The first little missy was a jack russel female who is recovering from a car hit and run and my instructions were not to let her run…but boy oh boy all this bundle of energy wanted to do was run and jump and twirl. It took alot for me to try calm her down otherwise she could hurt herself. The others were so cute and loving and so grateful for the walk. I’m saddest about the township dog that was bitten by a snake and will return after recovery. Also another bad looking guy with a leg cast which just lay in the corner shivering and growling. I couldn’t take him out.

Then I bathed a tiny kitten covered in fleas and flea poop. Poor little thing was trying desperately to claw it’s way out of the sink but I think I saw relief when I finally finished and wrapped in towel…to be clean that is :)

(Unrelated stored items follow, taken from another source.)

(* Let $s \ge 0$ be a fixed real number and let $(k(n))_{n \ge 1}$ be a sequence of integers with $2 \le k(n) \le n$. Suppose there is a constant $\delta > 0$ such that $s \le \frac{1}{n}\log_2 \#F_{k(n)}^n - \delta$ for all sufficiently large $n$, where $\#F_k^n = \sum_{w=0}^{k}\binom{n}{w}$. Then $F_{k(n)}^n \wedge Q_s^n$ is satisfiable with high probability, i.e. $\lim_{n\to\infty}\Pr[F_{k(n)}^n \wedge Q_s^n \text{ is satisfiable}] = 1$.
   Context: For integers $0 \le k \le n$, $F_k^n$ denotes the at-most-$k$ cardinality constraint on $x \in \{0,1\}^n$ (satisfied iff the Hamming weight $|x| \le k$), with $\#F_k^n = \sum_{w=0}^{k}\binom{n}{w}$ satisfying assignments. For real $s \ge 0$, $Q_s^n$ is the random system $Ax = b$ over $\mathrm{GF}(2)$ with $\lceil sn\rceil$ equations, where all entries of $A \in \{0,1\}^{\lceil sn\rceil \times n}$ and $b \in \{0,1\}^{\lceil sn \rceil}$ are independent and uniform on $\{0,1\}$. $F_k^n \wedge Q_s^n$ is satisfiable iff some $x \in \{0,1\}^n$ has $|x| \le k$ and $Ax=b$; probability is over $(A,b)$. "With high probability" means with probability tending to $1$ as $n \to \infty$. *)

theory Defs
  imports Complex_Main
begin

definition numF :: "nat \<Rightarrow> nat \<Rightarrow> nat" where
  "numF n k = (\<Sum>w=0..k. n choose w)"
lemma E_linear_codeD:
  assumes "E_linear_code n C"
  shows "C \<subseteq> Espace n" "finite C" "additive_subgroup C" "w \<in> C \<Longrightarrow> vscale e w \<in> C"
proof -
  show "C \<subseteq> Espace n" using assms by (simp add: E_linear_code_def)
  then show "finite C" using finite_Espace finite_subset by blast
  have "(\<lambda>i. x i + y i) \<in> C" if "x \<in> C" "y \<in> C" for x y
    using assms that unfolding E_linear_code_def by blast
  moreover have "x - y = (\<lambda>i. x i + y i)" for x y :: "nat \<Rightarrow> E"
    by (simp add: fun_eq_iff E_diff_eq_add)
  moreover have "0 \<in> C"
    using assms unfolding E_linear_code_def zero_fun_def by blast
  ultimately show "additive_subgroup C"
    unfolding additive_subgroup_def by simp
  show "w \<in> C \<Longrightarrow> vscale e w \<in> C"
    using assms unfolding E_linear_code_def vscale_def by blast
qed

lemma additive_subgroup_Espace: "additive_subgroup (Espace n)"
  by (simp add: additive_subgroup_def Espace_def)

lemma additive_symp_left: "additive (\<lambda>w. symp n w z)"
  by standard (simp add: symp_def distrib_right sum.distrib add_ac)

lemma additive_symp_right: "additive (symp n w)"
  by standard (simp add: symp_def distrib_left sum.distrib add_ac)

lemma symp_vscale_left: "symp n (vscale e w) z = e * symp n w z"
  by (simp add: symp_def vscale_def distrib_left sum_distrib_left mult.assoc)

lemma symp_vscale_Kappa_right: "symp n w (vscale Kappa z) = symp n w z"
proof -
  have "x * (Kappa * y) = x * y" for x y :: E
    by (cases y) (simp_all add: E_times zero_E_def)
  then show ?thesis by (simp add: symp_def vscale_def)
qed

lemma symp_zero_right [simp]: "symp n w 0 = 0"
  by (simp add: symp_def)

definition partner :: "nat \<Rightarrow> nat \<Rightarrow> nat" where
  "partner n i = (if i < n then n + i else i - n)"

lemma partner_less: "i < 2 * n \<Longrightarrow> partner n i < 2 * n"
  unfolding partner_def by auto

lemma mult_if_zero:
  "x * (if P then y else 0) = (if P then x * y else (0::E))"
  "(if P then y else 0) * x = (if P then y * x else (0::E))"
  by simp_all

lemma symp_unit_right:
  assumes "i < 2 * n"
  shows "symp n w (0(partner n i := c)) = w i * c"
proof -
  have "n + l \<noteq> i - n" "i - n < n" if "\<not> i < n" for l using assms that by simp_all
  then show ?thesis
    by (cases "i < n") (simp_all add: symp_def partner_def mult_if_zero cong: if_cong)
qed

lemma symp_unit_left:
  assumes "i < 2 * n"
  shows "symp n (0(partner n i := c)) w = c * w i"
proof -
  have "n + l \<noteq> i - n" "i - n < n" if "\<not> i < n" for l using assms that by simp_all
  then show ?thesis
    by (cases "i < n") (simp_all add: symp_def partner_def mult_if_zero cong: if_cong)
qed

lemma Espace_less: "w \<in> Espace n \<Longrightarrow> w i \<noteq> 0 \<Longrightarrow> i < 2 * n"
  unfolding Espace_def using not_less by blast

lemma unit_in_Espace: "i < 2 * n \<Longrightarrow> 0(i := c) \<in> Espace n"
  by (simp add: Espace_def)

text \<open>Viewing E as F2 \<kappa> + F2 \<tau>, this is \<kappa> times the \<kappa>-coordinate.\<close>

definition kappa_coord :: "E \<Rightarrow> E" where
  "kappa_coord x = (if x = Kappa \<or> x = Zeta then Kappa else 0)"

lemma additive_kappa_coord: "additive kappa_coord"
proof
  fix x y :: E
  show "kappa_coord (x + y) = kappa_coord x + kappa_coord y"
    by (cases x; cases y) (simp_all add: kappa_coord_def zero_E_def)
qed

lemma kappa_coord_mult: "kappa_coord (x * y) = kappa_coord x * y"
  by (simp add: kappa_coord_def E_times)

lemma kappa_coord_range: "kappa_coord x \<in> {0, Kappa}"
  by (simp add: kappa_coord_def)

lemma kappa_coord_eq_0_iff: "kappa_coord x = 0 \<longleftrightarrow> x = 0 \<or> x = Tau"
  by (cases x) (simp_all add: kappa_coord_def zero_E_def)

lemma kappa_coord_id: "x \<in> {0, Kappa} \<Longrightarrow> kappa_coord x = x"
  by (auto simp: kappa_coord_def)

text \<open>The \<kappa>-coordinate of x + \<kappa>x is the \<tau>-coordinate of x.\<close>

lemma eq_0_iff_kappa_coord: "x = 0 \<longleftrightarrow> kappa_coord x = 0 \<and> kappa_coord (x + Kappa * x) = 0"
  by (cases x) (simp_all add: kappa_coord_def E_times zero_E_def)

lemma kappa_coord_symp: "kappa_coord (symp n w z) = symp n (kappa_coord \<circ> w) z"
  by (simp add: symp_def additive.add[OF additive_kappa_coord] additive.sum[OF additive_kappa_coord]
      kappa_coord_mult)

lemma additive_comp_kappa_coord: "additive ((\<circ>) kappa_coord)"
  by standard (simp add: fun_eq_iff additive.add[OF additive_kappa_coord])

definition kappa_vectors :: "nat \<Rightarrow> (nat \<Rightarrow> E) set" where
  "kappa_vectors n = {k \<in> Espace n. \<forall>i. k i \<in> {0, Kappa}}"

lemma additive_subgroup_kappa_vectors: "additive_subgroup (kappa_vectors n)"
proof -
  have "x - y \<in> {0, Kappa}" if "x \<in> {0, Kappa}" "y \<in> {0, Kappa}" for x y :: E
    using that by (auto simp: E_diff_eq_add)
  then show ?thesis
    by (auto simp: additive_subgroup_def kappa_vectors_def Espace_def)
qed

lemma vscale_Kappa_image_Espace: "vscale Kappa ` Espace n = kappa_vectors n"
proof
  show "vscale Kappa ` Espace n \<subseteq> kappa_vectors n"
    by (auto simp: kappa_vectors_def Espace_def vscale_def E_times)
  have "Kappa * x = x" if "x \<in> {0, Kappa}" for x :: E
    using that by (auto simp: E_times)
  then have "k = vscale Kappa k" "k \<in> Espace n" if "k \<in> kappa_vectors n" for k
    using that by (simp_all add: kappa_vectors_def vscale_def fun_eq_iff)
  then show "kappa_vectors n \<subseteq> vscale Kappa ` Espace n"
    by blast
qed

lemma symp_kappa_vector_range:
  assumes "a \<in> kappa_vectors n"
  shows "symp n a k \<in> {0, Kappa}"
proof -
  have "kappa_coord \<circ> a = a"
    using assms by (auto simp: kappa_vectors_def kappa_coord_id)
  then show ?thesis
    using kappa_coord_symp[of n a k] kappa_coord_range by metis
qed
lemma is_circuit_in_Cons_shortest_path: "is_circuit_in (insert e W) (e # p)"
proof -
  define L where "L = length p"
  have L: "L \<ge> 3" "length (e # p) = L + 1"
    using shortest_path_between_row_col_length unfolding L_def by auto
  have adj: "rook_adj (p ! i) (p ! Suc i)" if "Suc i < L" for i
    using path_ends(1) that unfolding is_path_in_def L_def by blast
  note tail = shortest_path_between_tail_notin[OF p, folded L_def, simplified]
  note butlast = shortest_path_between_butlast_notin[OF p, folded L_def, simplified]
  note chordless = shortest_path_between_chordless[OF p, folded L_def]
  have "rook_adj ((e # p) ! k) ((e # p) ! ((k + 1) mod (L + 1))) \<and>
    fst ((e # p) ! k) \<noteq> fst ((e # p) ! ((k + 2) mod (L + 1))) \<and>
    snd ((e # p) ! k) \<noteq> snd ((e # p) ! ((k + 2) mod (L + 1)))" if k: "k < L + 1" for k
  proof -
    \<comment> \<open>the triple starting at e, the triples inside p, the one ending at e, the one centred at e\<close>
    consider "k = 0" | "0 < k" "k + 1 < L" | "k + 1 = L" | "k = L"
      using k by linarith
    then show ?thesis
    proof cases
      case 1
      then show ?thesis
        using L path_ends(2) path_ends(4)[of 0] tail[of 1] butlast[of 1]
        unfolding rook_adj_def L_def by auto
    next
      case 2
      then obtain i where "k = Suc i" "Suc (Suc i) < L"
        by (cases k) auto
      then show ?thesis
        using adj[of i] chordless[of i "Suc (Suc i)"] by (simp add: mod_less)
    next
      case 3
      then obtain i where "k = Suc i" "L = Suc (Suc i)"
        using L by (cases k) auto
      then show ?thesis
        using adj[of i] tail[of i] butlast[of i] L by simp
    next
      case 4
      have "(L + 2) mod (L + 1) = 1"
        using L by (simp add: mod_if)
      moreover have "fst (p ! 0) \<noteq> fst (p ! (L - 1)) \<and> snd (p ! 0) \<noteq> snd (p ! (L - 1))"
        using L by (intro chordless) auto
      ultimately show ?thesis
        using 4 L path_ends(3) path_ends(4)[of "L - 1"]
        unfolding rook_adj_def L_def by (auto simp: nth_Cons')
    qed
  qed
  moreover have "distinct (e # p)" "set (e # p) \<subseteq> insert e W"
    using shortest_path_between_distinct[OF p] path_ends(1) e unfolding is_path_in_def by auto
  ultimately show ?thesis
    unfolding is_circuit_in_iff using L by simp
qed
text \<open>
  Lower bound: the \<open>K (F - Z)\<close> filled cells are shared out among the symbols. A symbol
  occurring \<open>o\<close> times yields \<open>o (o - 1)\<close> ordered pairs of distinct cells, and the map sending
  such a pair \<open>(j1, k1), (j2, k2)\<close> to the empty cell \<open>(j1, k2)\<close> and the column \<open>k1\<close> is
  injective, so \<open>\<Sum> o (o - 1) \<le> K Z (K - 1)\<close>. Together with \<open>2 o \<le> 2 + o (o - 1)\<close> this gives
  \<open>2 |S| \<ge> 2 K (F - Z) - K Z (K - 1)\<close>.

  Upper bound: for \<open>F \<ge> K Z\<close>, the Maddah-Ali--Niesen array for \<open>t = 1\<close> with every row repeated
  \<open>Z\<close> times has \<open>K Z\<close> rows and \<open>Z (K choose 2)\<close> symbols, which meets the bound, and the remaining
  \<open>F - K Z\<close> rows are filled with fresh symbols. Hence \<open>s(F, K, Z) = Z (K choose 2) + K (F - K Z)\<close>,
  which is \<open>4 F - 30\<close> for \<open>K = 4\<close>, \<open>Z = 3\<close>.
\<close>

lemma is_PDAI:
  assumes "finite S"
    and "\<And>j k t. j \<in> {1..F} \<Longrightarrow> k \<in> {1..K} \<Longrightarrow> R j k = Some t \<Longrightarrow> t \<in> S"
    and "\<And>k. k \<in> {1..K} \<Longrightarrow> card {j \<in> {1..F}. R j k = None} = Z"
    and "\<And>j k1 k2 t. j \<in> {1..F} \<Longrightarrow> k1 \<in> {1..K} \<Longrightarrow> k2 \<in> {1..K} \<Longrightarrow>
      R j k1 = Some t \<Longrightarrow> R j k2 = Some t \<Longrightarrow> k1 = k2"
    and "\<And>j1 j2 k t. j1 \<in> {1..F} \<Longrightarrow> j2 \<in> {1..F} \<Longrightarrow> k \<in> {1..K} \<Longrightarrow>
      R j1 k = Some t \<Longrightarrow> R j2 k = Some t \<Longrightarrow> j1 = j2"
    and "\<And>j1 j2 k1 k2 t. j1 \<in> {1..F} \<Longrightarrow> j2 \<in> {1..F} \<Longrightarrow> k1 \<in> {1..K} \<Longrightarrow> k2 \<in> {1..K} \<Longrightarrow>
      (j1, k1) \<noteq> (j2, k2) \<Longrightarrow> R j1 k1 = Some t \<Longrightarrow> R j2 k2 = Some t \<Longrightarrow> R j1 k2 = None"
  shows "is_PDA S F K Z R"
  unfolding is_PDA_def
proof (intro conjI ballI allI impI)
  show "finite S"
    by (fact assms(1))
next
  fix j k t
  assume "j \<in> {1..F}" "k \<in> {1..K}" "R j k = Some t"
  then show "t \<in> S"
    by (fact assms(2))
next
  fix k
  assume "k \<in> {1..K}"
  then show "card {j \<in> {1..F}. R j k = None} = Z"
    by (fact assms(3))
next
  fix t j k1 k2
  assume "j \<in> {1..F}" "k1 \<in> {1..K}" "k2 \<in> {1..K}" "R j k1 = Some t \<and> R j k2 = Some t"
  then show "k1 = k2"
    using assms(4) by blast
next
  fix t k j1 j2
  assume "k \<in> {1..K}" "j1 \<in> {1..F}" "j2 \<in> {1..F}" "R j1 k = Some t \<and> R j2 k = Some t"
  then show "j1 = j2"
    using assms(5) by blast
next
  fix j1 j2 k1 k2 t
  assume cells: "j1 \<in> {1..F}" "j2 \<in> {1..F}" "k1 \<in> {1..K}" "k2 \<in> {1..K}"
    and same: "(j1, k1) \<noteq> (j2, k2) \<and> R j1 k1 = Some t \<and> R j2 k2 = Some t"
  show "R j1 k2 = None"
    using assms(6)[OF cells] same by blast
  show "R j2 k1 = None"
    using assms(6)[of j2 j1 k2 k1 t] cells same by blast
qed

lemma is_PDA_finite: "is_PDA S F K Z R \<Longrightarrow> finite S"
  unfolding is_PDA_def by blast

lemma is_PDA_symbol_in:
  "is_PDA S F K Z R \<Longrightarrow> j \<in> {1..F} \<Longrightarrow> k \<in> {1..K} \<Longrightarrow> R j k = Some t \<Longrightarrow> t \<in> S"
  unfolding is_PDA_def by blast

lemma is_PDA_row_unique:
  "is_PDA S F K Z R \<Longrightarrow> j \<in> {1..F} \<Longrightarrow> k1 \<in> {1..K} \<Longrightarrow> k2 \<in> {1..K} \<Longrightarrow>
    R j k1 = Some t \<Longrightarrow> R j k2 = Some t \<Longrightarrow> k1 = k2"
  unfolding is_PDA_def by blast

lemma is_PDA_column_unique:
  "is_PDA S F K Z R \<Longrightarrow> j1 \<in> {1..F} \<Longrightarrow> j2 \<in> {1..F} \<Longrightarrow> k \<in> {1..K} \<Longrightarrow>
    R j1 k = Some t \<Longrightarrow> R j2 k = Some t \<Longrightarrow> j1 = j2"
  unfolding is_PDA_def by blast

lemma is_PDA_cross_empty:
  "is_PDA S F K Z R \<Longrightarrow> j1 \<in> {1..F} \<Longrightarrow> j2 \<in> {1..F} \<Longrightarrow> k1 \<in> {1..K} \<Longrightarrow> k2 \<in> {1..K} \<Longrightarrow>
    (j1, k1) \<noteq> (j2, k2) \<Longrightarrow> R j1 k1 = Some t \<Longrightarrow> R j2 k2 = Some t \<Longrightarrow> R j1 k2 = None"
  unfolding is_PDA_def by blast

Once the hospital wards were done I took on another run with dogs which don’t often get visitors because of their location. I was told about the bull terrier and loving the breed I was excited to see her but careful also. But what a darling. Scared out of her mind as dog fights were involved in her past but she’s so trusting we had an awesome walk. I didn’t want to put her back. She got triple the rounds around the offices.

DSCF0134 (Medium)Then I saw a largish pit bull cross female next and was a bit worried but hand introductions saw she’s so gentle and so excited to see a leash. Once in hand though I could feel oh boy she’s extremely strong. I’ve never felt such strength before. So I took it slow in the safety of the cage until I knew I had her and then ventured out. Took a few commands and tugs and then what a pleasure and such a sweet girl. I know nothing about dog pregnancy but something told me her tummy shouldn’t look like that and my suspicions were proven right. And the way she was acting when I called the home manager she said she was about to deliver…poor girl!

What an adventurous day! Animal welfare has so much need. But immediately they need puppy, kitten and cat food. Loads of blankets need to be washed. Walkers for hospital bound animals. Someone who can commit to regular website updates. and of course across the board walkers…

There’s a dog waiting for you to walk, no matter how old or young or strength level….there’s one you can handle!